Despite modern medical advancements and public health initiatives, the United States continues to perform poorly on maternal health related metrics. These poor outcomes are especially severe for minority communities. Research points to differences in hospital quality, limited access to care, and chronic diseases as reasons for these disparities. However, larger systemic inequities including structural racism, educational opportunities, and gender hierarchy likely contribute.

Methods

Implementation

This tool aggregates data about minority maternal health to demonstrate the complex systemic (national and community based) factors that contribute to maternal and neonatal health disparities. For now, the data is aggregated from 2019 Birth Certificate Data from the CDC accessible via WONDER (https://wonder.cdc.gov).
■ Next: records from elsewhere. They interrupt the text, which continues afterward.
definition is_coproduct :: "('o,'m) cat \<Rightarrow> 'o \<Rightarrow> 'm \<Rightarrow> 'm \<Rightarrow> 'o \<Rightarrow> 'o \<Rightarrow> bool" where
  "is_coproduct C S i1 i2 X Y \<longleftrightarrow> i1 \<in> hom C X S \<and> i2 \<in> hom C Y S \<and>
     (\<forall>Q f g. f \<in> hom C X Q \<and> g \<in> hom C Y Q \<longrightarrow>
        (\<exists>!u. u \<in> hom C S Q \<and> Comp C u i1 = f \<and> Comp C u i2 = g))"

text \<open>Smallness is automatic: objects and morphisms form the types 'o and 'm.\<close>
definition abelian_category :: "('o,'m) cat \<Rightarrow> bool" where
  "abelian_category C \<longleftrightarrow> is_category C \<and>
     (\<exists>Z. is_zero_object C Z) \<and>
     (\<forall>X Y. \<exists>P p1 p2. is_product C P p1 p2 X Y) \<and>
     (\<forall>X Y. \<exists>S i1 i2. is_coproduct C S i1 i2 X Y) \<and>
     (\<forall>f. \<exists>k. is_kernel C k f) \<and>
     (\<forall>f. \<exists>c. is_cokernel C c f) \<and>
     (\<forall>f. mono C f \<longrightarrow> (\<exists>g. is_kernel C f g)) \<and>
     (\<forall>f. epi C f \<longrightarrow> (\<exists>g. is_cokernel C f g))"

definition ses :: "('o,'m) cat \<Rightarrow> 'o \<Rightarrow> 'o \<Rightarrow> 'o \<Rightarrow> bool" where
  "ses C X1 X2 X3 \<longleftrightarrow> (\<exists>f g. f \<in> hom C X1 X2 \<and> g \<in> hom C X2 X3 \<and>
      mono C f \<and> epi C g \<and> is_kernel C f g)"

text \<open>Elements of the free commutative monoid on the objects are finite multisets of objects;
  K_0^+ is its quotient by the monoid congruence generated by [X2] = [X1] + [X3].\<close>
inductive K0_eq :: "('o,'m) cat \<Rightarrow> 'o multiset \<Rightarrow> 'o multiset \<Rightarrow> bool" for C where
  K0_gen: "ses C X1 X2 X3 \<Longrightarrow> K0_eq C (add_mset X2 M) (add_mset X1 (add_mset X3 M))"
| K0_refl: "K0_eq C M M"
| K0_sym: "K0_eq C M N \<Longrightarrow> K0_eq C N M"
| K0_trans: "K0_eq C M N \<Longrightarrow> K0_eq C N P \<Longrightarrow> K0_eq C M P"

text \<open>A positive 0-foam is represented by the multiset of its labels.
  A braid-like cobordism is encoded combinatorially: boundary points P0 (bottom), P1 (top),
  interior vertices V (all naturals), edges E with source/target; each edge carries a fiber
  lab e (the flat connection identifies all fibers along an edge up to isomorphism);
  the height function is recorded on vertices (and interpolated linearly on edges).\<close>
definition braid_cob :: "('o,'m) cat \<Rightarrow> 'o multiset \<Rightarrow> 'o multiset \<Rightarrow> bool" where
  "braid_cob C M0 M1 \<longleftrightarrow>
    (\<exists>(P0::nat set) P1 V (E::nat set) (lp::nat \<Rightarrow> 'o) (src::nat \<Rightarrow> nat) (tgt::nat \<Rightarrow> nat)
       (lab::nat \<Rightarrow> 'o) (ht::nat \<Rightarrow> real).
       finite P0 \<and> finite P1 \<and> finite V \<and> finite E \<and>
       P0 \<inter> P1 = {} \<and> P0 \<inter> V = {} \<and> P1 \<inter> V = {} \<and>
       image_mset lp (mset_set P0) = M0 \<and> image_mset lp (mset_set P1) = M1 \<and>
       (\<forall>e\<in>E. src e \<in> P0 \<union> P1 \<union> V \<and> tgt e \<in> P0 \<union> P1 \<union> V) \<and>
       \<comment> \<open>boundary points are univalent, with fiber isomorphic to their label\<close>
       (\<forall>p\<in>P0 \<union> P1. \<exists>e\<in>E. {e'\<in>E. src e' = p \<or> tgt e' = p} = {e} \<and>
            isomorphic C (lp p) (lab e)) \<and>
       \<comment> \<open>interior vertices are trivalent, of type in or out, with a short exact sequence
           0 -> X_first -> X_thick -> X_second -> 0\<close>
       (\<forall>v\<in>V. \<exists>e1 e2 e3. e1 \<in> E \<and> e2 \<in> E \<and> e3 \<in> E \<and> e1 \<noteq> e2 \<and>
            ((({e\<in>E. tgt e = v} = {e1, e2} \<and> {e\<in>E. src e = v} = {e3}) \<or>
              ({e\<in>E. src e = v} = {e1, e2} \<and> {e\<in>E. tgt e = v} = {e3})) \<and>
             ses C (lab e1) (lab e3) (lab e2))) \<and>
       \<comment> \<open>height function\<close>
       (\<forall>p\<in>P0. ht p = 0) \<and> (\<forall>p\<in>P1. ht p = 1) \<and> (\<forall>v\<in>V. 0 < ht v \<and> ht v < 1) \<and>
       (\<forall>e\<in>E. ht (src e) < ht (tgt e)))"

text \<open>Equivalence relation on positive 0-foams generated by braid-like cobordisms;
  Cob^b_0(A) is the quotient by it.\<close>
definition cob_equiv :: "('o,'m) cat \<Rightarrow> 'o multiset \<Rightarrow> 'o multiset \<Rightarrow> bool" where
  "cob_equiv C = (\<lambda>M N. braid_cob C M N \<or> braid_cob C N M)\<^sup>*\<^sup>*"

end

theory Submission
  imports Defs
begin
Data from 2019 was queried in WONDER by maternal state of residence, maternal race (6 categories), and outcome/risk factor/social variable of interest. R was used to covert the data from long to wide format. Data was mered by state of residence in wide format. Rates per 1,000 live births were calculated using the number of live births within a state of residence and race category.

Operation

Currently, the user will need to use R to visualize the data.

Results

We created a sample visualization for the state of Alabama for 2019 showing maternal outcomes (ICU admission, unplanned hysterectomy, blood transfusion, maternal transfer), risk factors (pre-pregnancy chronic hypertension, pre-pregnancy diabetes mellitus), and social variables (education-level, access to prenatal care) per 1,000 live births by race category.

Conclusion and next steps

Next steps are determining where to store the data to allow for public use, identifying additional sources of data (not restricted to live births, more economic information, psycho-social information), and determining how to allow for appropriate statistical tests and inferences from available data.